[Stored data entries]
-------
(* Let $\mathfrak{g}_1,\mathfrak{g}_2$ be $S$-algebras such that $f_i(\mathfrak{g}_i)\subset C^1\mathfrak{g}_i$ for every $f_i\in\mathrm{Der}(\mathfrak{g}_i)$, $i=1,2$. Then $\mathfrak{g}_1\underline{\times}\mathfrak{g}_2$ is characteristically nilpotent and $D(\mathfrak{g}_1\underline{\times}\mathfrak{g}_2)\subset C^1(\mathfrak{g}_1\underline{\times}\mathfrak{g}_2)$ for every derivation $D$ of $\mathfrak{g}_1\underline{\times}\mathfrak{g}_2$.
   Context: All Lie algebras are finite-dimensional, complex, nilpotent and nonabelian. $C^1\mathfrak{g}=[\mathfrak{g},\mathfrak{g}]$. A nilpotent $\mathfrak{g}$ is characteristically nilpotent if $\mathfrak{g}^{[m]}=0$ for some $m$, where $\mathfrak{g}^{[1]}=\{f(Y): f\in\mathrm{Der}(\mathfrak{g}),Y\in\mathfrak{g}\}$ and $\mathfrak{g}^{[k]}=\mathrm{Der}(\mathfrak{g})(\mathfrak{g}^{[k-1]})$. Product by generators: for $\mathfrak{g}_1,\mathfrak{g}_2$ of dimensions $m_1,m_2$ take bases $\{X_1,\dots,X_{m_1}\}$, $\{X'_1,\dots,X'_{m_2}\}$ such that $X_1,\dots,X_{n_1}$ generate $\mathfrak{g}_1$ and $X_{n_1+1},\dots,X_{m_1}$ span $C^1\mathfrak{g}_1$, and similarly for $\mathfrak{g}_2$ with $n_2$ generators. $\mathfrak{g}_1\underline{\times}\mathfrak{g}_2$ is the Lie algebra on $\mathfrak{g}_1\oplus\mathfrak{g}_2\oplus\mathfrak{g}_3$, $\mathfrak{g}_3=\langle Z_1,\dots,Z_{n_1n_2}\rangle$, with the brackets of $\mathfrak{g}_1$ and of $\mathfrak{g}_2$, $[X_i,X'_j]=Z_{(i-1)n_2+j}$ for $i\le n_1$, $j\le n_2$, $[X_i,X'_j]=0$ otherwise, and $\mathfrak{g}_3$ central. For $D$ a derivation of $\mathfrak{g}_1\underline{\times}\mathfrak{g}_2$ write $D_{21}=p_2D|_{\mathfrak{g}_1}$ with $p_2$ the projection onto $\mathfrak{g}_2$. A nilpotent Lie algebra $\mathfrak{g}_1$ is an $S$-algebra if for every Lie algebra $\mathfrak{g}_2$ and every derivation $D$ of $\mathfrak{g}_1\underline{\times}\mathfrak{g}_2$ one has $D_{21}(\mathfrak{g}_1)\subset C^1\mathfrak{g}_2$. *)

theory Defs
  imports Complex_Main "HOL-Library.Function_Algebras"
begin

text \<open>A finite-dimensional complex Lie
algebra is given by its dimension and structure constants with respect to a basis
e_0, ..., e_(dim-1): the coefficient of e_k in [e_i, e_j] is lsc L i j k.\<close>

type_synonym vec = "nat \<Rightarrow> complex"

record lie_sc =
  ldim :: nat
  lsc :: "nat \<Rightarrow> nat \<Rightarrow> nat \<Rightarrow> complex"

definition carrier_L :: "lie_sc \<Rightarrow> vec set" where
  "carrier_L L = {v. \<forall>i. ldim L \<le> i \<longrightarrow> v i = 0}"

definition br :: "lie_sc \<Rightarrow> vec \<Rightarrow> vec \<Rightarrow> vec" where
  "br L x y = (\<lambda>k. if k < ldim L
      then (\<Sum>i<ldim L. \<Sum>j<ldim L. x i * y j * lsc L i j k) else 0)"

definition smul :: "complex \<Rightarrow> vec \<Rightarrow> vec" where
  "smul a x = (\<lambda>i. a * x i)"

definition unitv :: "nat \<Rightarrow> vec" where
  "unitv k = (\<lambda>i. if i = k then 1 else 0)"

definition cspan :: "vec set \<Rightarrow> vec set" where
  "cspan S = {(\<Sum>u\<in>F. smul (a u) u) | F a. finite F \<and> F \<subseteq> S}"

definition lie_algebra :: "lie_sc \<Rightarrow> bool" where
  "lie_algebra L \<longleftrightarrow>
     (\<forall>x\<in>carrier_L L. br L x x = 0) \<and>
     (\<forall>x\<in>carrier_L L. \<forall>y\<in>carrier_L L. \<forall>z\<in>carrier_L L.
        br L x (br L y z) + br L y (br L z x) + br L z (br L x y) = 0)"

definition C1 :: "lie_sc \<Rightarrow> vec set" where
  "C1 L = cspan {br L x y | x y. x \<in> carrier_L L \<and> y \<in> carrier_L L}"

fun lcs :: "lie_sc \<Rightarrow> nat \<Rightarrow> vec set" where
  "lcs L 0 = carrier_L L"
| "lcs L (Suc k) = cspan {br L x y | x y. x \<in> carrier_L L \<and> y \<in> lcs L k}"

definition nilpotent_L :: "lie_sc \<Rightarrow> bool" where
  "nilpotent_L L \<longleftrightarrow> (\<exists>k. lcs L k = {0})"

definition nna_lie :: "lie_sc \<Rightarrow> bool" where
  "nna_lie L \<longleftrightarrow> lie_algebra L \<and> nilpotent_L L \<and> C1 L \<noteq> {0}"

text \<open>The basis is adapted with n generators: e_0..e_(n-1) generate and
e_n..e_(dim-1) span C^1 g.\<close>
definition adapted :: "lie_sc \<Rightarrow> nat \<Rightarrow> bool" where
  "adapted L n \<longleftrightarrow> n \<le> ldim L \<and>
     C1 L = cspan {unitv k | k. n \<le> k \<and> k < ldim L}"

definition derivation :: "lie_sc \<Rightarrow> (vec \<Rightarrow> vec) \<Rightarrow> bool" where
  "derivation L D \<longleftrightarrow>
     (\<forall>x\<in>carrier_L L. D x \<in> carrier_L L) \<and>
     (\<forall>x\<in>carrier_L L. \<forall>y\<in>carrier_L L. D (x + y) = D x + D y) \<and>
     (\<forall>a. \<forall>x\<in>carrier_L L. D (smul a x) = smul a (D x)) \<and>
     (\<forall>x\<in>carrier_L L. \<forall>y\<in>carrier_L L. D (br L x y) = br L (D x) y + br L x (D y))"

fun der_seq :: "lie_sc \<Rightarrow> nat \<Rightarrow> vec set" where
  "der_seq L 0 = carrier_L L"
| "der_seq L (Suc k) = {f y | f y. derivation L f \<and> y \<in> der_seq L k}"

definition char_nilpotent :: "lie_sc \<Rightarrow> bool" where
  "char_nilpotent L \<longleftrightarrow> nilpotent_L L \<and> (\<exists>m\<ge>1. der_seq L m = {0})"

text \<open>Layout of the basis of the product: indices 0..m1-1 are
X_1..X_m1 of g1, indices m1..m1+m2-1 are X'_1..X'_m2 of g2, and index m1+m2+(i*n2+j)
is Z_((i-1)n2+j) in 1-based notation, i.e. [X_(i+1), X'_(j+1)] for i<n1, j<n2.\<close>
definition prod_gen :: "lie_sc \<Rightarrow> nat \<Rightarrow> lie_sc \<Rightarrow> nat \<Rightarrow> lie_sc" where
  "prod_gen L1 n1 L2 n2 = (let m1 = ldim L1; m2 = ldim L2 in
     \<lparr> ldim = m1 + m2 + n1 * n2,
       lsc = (\<lambda>i j k.
         if i < m1 \<and> j < m1 \<and> k < m1 then lsc L1 i j k
         else if m1 \<le> i \<and> i < m1 + m2 \<and> m1 \<le> j \<and> j < m1 + m2 \<and> m1 \<le> k \<and> k < m1 + m2
           then lsc L2 (i - m1) (j - m1) (k - m1)
         else if i < n1 \<and> m1 \<le> j \<and> j < m1 + n2 \<and> k = m1 + m2 + i * n2 + (j - m1) then 1
         else if j < n1 \<and> m1 \<le> i \<and> i < m1 + n2 \<and> k = m1 + m2 + j * n2 + (i - m1) then -1
         else 0) \<rparr>)"

definition proj2 :: "lie_sc \<Rightarrow> lie_sc \<Rightarrow> vec \<Rightarrow> vec" where
  "proj2 L1 L2 v = (\<lambda>i. if i < ldim L2 then v (ldim L1 + i) else 0)"

text \<open>S-algebra: for every Lie algebra g2 (with adapted basis) and every derivation D of
the product, D_21(g1) is contained in C^1 g2. (g1 is embedded in the product as the
vectors supported on the first ldim L1 coordinates, i.e. carrier_L L1 itself.)\<close>
definition S_algebra :: "lie_sc \<Rightarrow> nat \<Rightarrow> bool" where
  "S_algebra L1 n1 \<longleftrightarrow> nna_lie L1 \<and> adapted L1 n1 \<and>
     (\<forall>L2 n2. nna_lie L2 \<and> adapted L2 n2 \<longrightarrow>
        (\<forall>D. derivation (prod_gen L1 n1 L2 n2) D \<longrightarrow>
           (\<forall>x\<in>carrier_L L1. proj2 L1 L2 (D x) \<in> C1 L2)))"

end

theory Submission
  imports Defs
begin

text \<open>Let \<open>\<frak>g = \<frak>g\<^sub>1 \<oplus> \<frak>g\<^sub>2 \<oplus> \<frak>g\<^sub>3\<close> be the product by generators and \<open>D\<close> a
  derivation of it. The \<open>\<frak>g\<^sub>1\<close>-component of \<open>D\<close> on \<open>\<frak>g\<^sub>1\<close> is a derivation of \<open>\<frak>g\<^sub>1\<close>,
  hence maps into \<open>C\<^sup>1\<frak>g\<^sub>1\<close>, and its \<open>\<frak>g\<^sub>2\<close>-component lands in \<open>C\<^sup>1\<frak>g\<^sub>2\<close>
  because \<open>\<frak>g\<^sub>1\<close> is an \<open>S\<close>-algebra; the isomorphism exchanging the two factors gives the same
  on \<open>\<frak>g\<^sub>2\<close>. The central summand \<open>\<frak>g\<^sub>3\<close> is spanned by brackets, so it lies in \<open>C\<^sup>1\<frak>g\<close>,
  which every derivation preserves. As \<open>C\<^sup>1\<frak>g\<^sub>1 + C\<^sup>1\<frak>g\<^sub>2 + \<frak>g\<^sub>3 \<subseteq> C\<^sup>1\<frak>g\<close>, every
  derivation maps \<open>\<frak>g\<close> into \<open>C\<^sup>1\<frak>g\<close>.

  Such derivations raise the lower central series by one step, so \<open>\<frak>g\<^bsup>[k]\<^esup> \<subseteq> C\<^sup>k\<frak>g\<close>,
  which vanishes for large \<open>k\<close> because \<open>\<frak>g\<close> is nilpotent: elements of \<open>C\<^sup>1\<frak>g\<^sub>i\<close> have no
  components along the generators, so brackets with \<open>C\<^sup>1\<frak>g\<close> have no \<open>\<frak>g\<^sub>3\<close>-component.\<close>

section \<open>Linear algebra on coordinate vectors\<close>

lemma sum_fun_apply: "(sum f F) i = (\<Sum>u\<in>F. f u i)" for f :: "'b \<Rightarrow> vec"
  by (induction F rule: infinite_finite_induct) auto

lemma smul_apply [simp]: "smul a x i = a * x i"
  by (simp add: smul_def)

lemma smul_zero_left [simp]: "smul 0 x = 0"
  and smul_zero_right [simp]: "smul a 0 = 0"
  by (auto simp: fun_eq_iff)

lemma smul_add_left: "smul (a + b) u = smul a u + smul b u"
  and smul_smul: "smul a (smul b u) = smul (a * b) u"
  and smul_sum: "smul c (sum f F) = (\<Sum>u\<in>F. smul c (f u))"
  by (auto simp: fun_eq_iff algebra_simps sum_fun_apply sum_distrib_left)

definition csubspace :: "vec set \<Rightarrow> bool" where
  "csubspace V \<longleftrightarrow> 0 \<in> V \<and> (\<forall>x\<in>V. \<forall>y\<in>V. x + y \<in> V) \<and> (\<forall>a. \<forall>x\<in>V. smul a x \<in> V)"

lemma csubspace_0: "csubspace V \<Longrightarrow> 0 \<in> V"
  and csubspace_add: "csubspace V \<Longrightarrow> x \<in> V \<Longrightarrow> y \<in> V \<Longrightarrow> x + y \<in> V"
  and csubspace_smul: "csubspace V \<Longrightarrow> x \<in> V \<Longrightarrow> smul a x \<in> V"
  by (simp_all add: csubspace_def)

lemma csubspace_neg:
  assumes "csubspace V" "x \<in> V"
  shows "- x \<in> V"
proof -
  have "smul (-1) x = - x" by (simp add: fun_eq_iff)
  with csubspace_smul[OF assms] show ?thesis by metis
qed

lemma csubspace_sum: "csubspace V \<Longrightarrow> (\<And>u. u \<in> F \<Longrightarrow> f u \<in> V) \<Longrightarrow> sum f F \<in> V"
  by (induction F rule: infinite_finite_induct) (auto simp: csubspace_0 csubspace_add)

lemma csubspace_UNIV: "csubspace UNIV"
  and csubspace_zero: "csubspace {0}"
  and csubspace_carrier_L: "csubspace (carrier_L L)"
  by (auto simp: csubspace_def carrier_L_def)

lemma cspan_sum_extend:
  assumes "finite G" "F \<subseteq> G"
  shows "(\<Sum>u\<in>F. smul (a u) u) = (\<Sum>u\<in>G. smul (if u \<in> F then a u else 0) u)"
  using assms by (simp add: sum.mono_neutral_right[OF assms] cong: sum.cong)

lemma csubspace_cspan: "csubspace (cspan S)"
  unfolding csubspace_def
proof (intro conjI ballI allI)
  show "0 \<in> cspan S"
    unfolding cspan_def by (rule CollectI, rule exI[of _ "{}"]) auto
next
  fix x y assume "x \<in> cspan S" "y \<in> cspan S"
  then obtain F a G b where x: "x = (\<Sum>u\<in>F. smul (a u) u)" "finite F" "F \<subseteq> S"
    and y: "y = (\<Sum>u\<in>G. smul (b u) u)" "finite G" "G \<subseteq> S"
    unfolding cspan_def by blast
  let ?c = "\<lambda>u. (if u \<in> F then a u else 0) + (if u \<in> G then b u else 0)"
  have "x + y = (\<Sum>u\<in>F \<union> G. smul (?c u) u)"
    using x y cspan_sum_extend[of "F \<union> G" F a] cspan_sum_extend[of "F \<union> G" G b]
    by (simp add: smul_add_left sum.distrib)
  then show "x + y \<in> cspan S"
    unfolding cspan_def using x y by (intro CollectI exI[of _ "F \<union> G"] exI[of _ ?c]) auto
next
  fix c x assume "x \<in> cspan S"
  then obtain F a where x: "x = (\<Sum>u\<in>F. smul (a u) u)" "finite F" "F \<subseteq> S"
    unfolding cspan_def by blast
  then have "smul c x = (\<Sum>u\<in>F. smul (c * a u) u)"
    by (simp add: smul_sum smul_smul)
  then show "smul c x \<in> cspan S"
    unfolding cspan_def using x by (intro CollectI exI[of _ F] exI[of _ "\<lambda>u. c * a u"]) auto
qed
-------
Starting at the line with "unfolding csubspace_def", copy every line up to and including the last one in the entries above.

**Answer to this exercise:**
  unfolding csubspace_def
proof (intro conjI ballI allI)
  show "0 \<in> cspan S"
    unfolding cspan_def by (rule CollectI, rule exI[of _ "{}"]) auto
next
  fix x y assume "x \<in> cspan S" "y \<in> cspan S"
  then obtain F a G b where x: "x = (\<Sum>u\<in>F. smul (a u) u)" "finite F" "F \<subseteq> S"
    and y: "y = (\<Sum>u\<in>G. smul (b u) u)" "finite G" "G \<subseteq> S"
    unfolding cspan_def by blast
  let ?c = "\<lambda>u. (if u \<in> F then a u else 0) + (if u \<in> G then b u else 0)"
  have "x + y = (\<Sum>u\<in>F \<union> G. smul (?c u) u)"
    using x y cspan_sum_extend[of "F \<union> G" F a] cspan_sum_extend[of "F \<union> G" G b]
    by (simp add: smul_add_left sum.distrib)
  then show "x + y \<in> cspan S"
    unfolding cspan_def using x y by (intro CollectI exI[of _ "F \<union> G"] exI[of _ ?c]) auto
next
  fix c x assume "x \<in> cspan S"
  then obtain F a where x: "x = (\<Sum>u\<in>F. smul (a u) u)" "finite F" "F \<subseteq> S"
    unfolding cspan_def by blast
  then have "smul c x = (\<Sum>u\<in>F. smul (c * a u) u)"
    by (simp add: smul_sum smul_smul)
  then show "smul c x \<in> cspan S"
    unfolding cspan_def using x by (intro CollectI exI[of _ F] exI[of _ "\<lambda>u. c * a u"]) auto
qed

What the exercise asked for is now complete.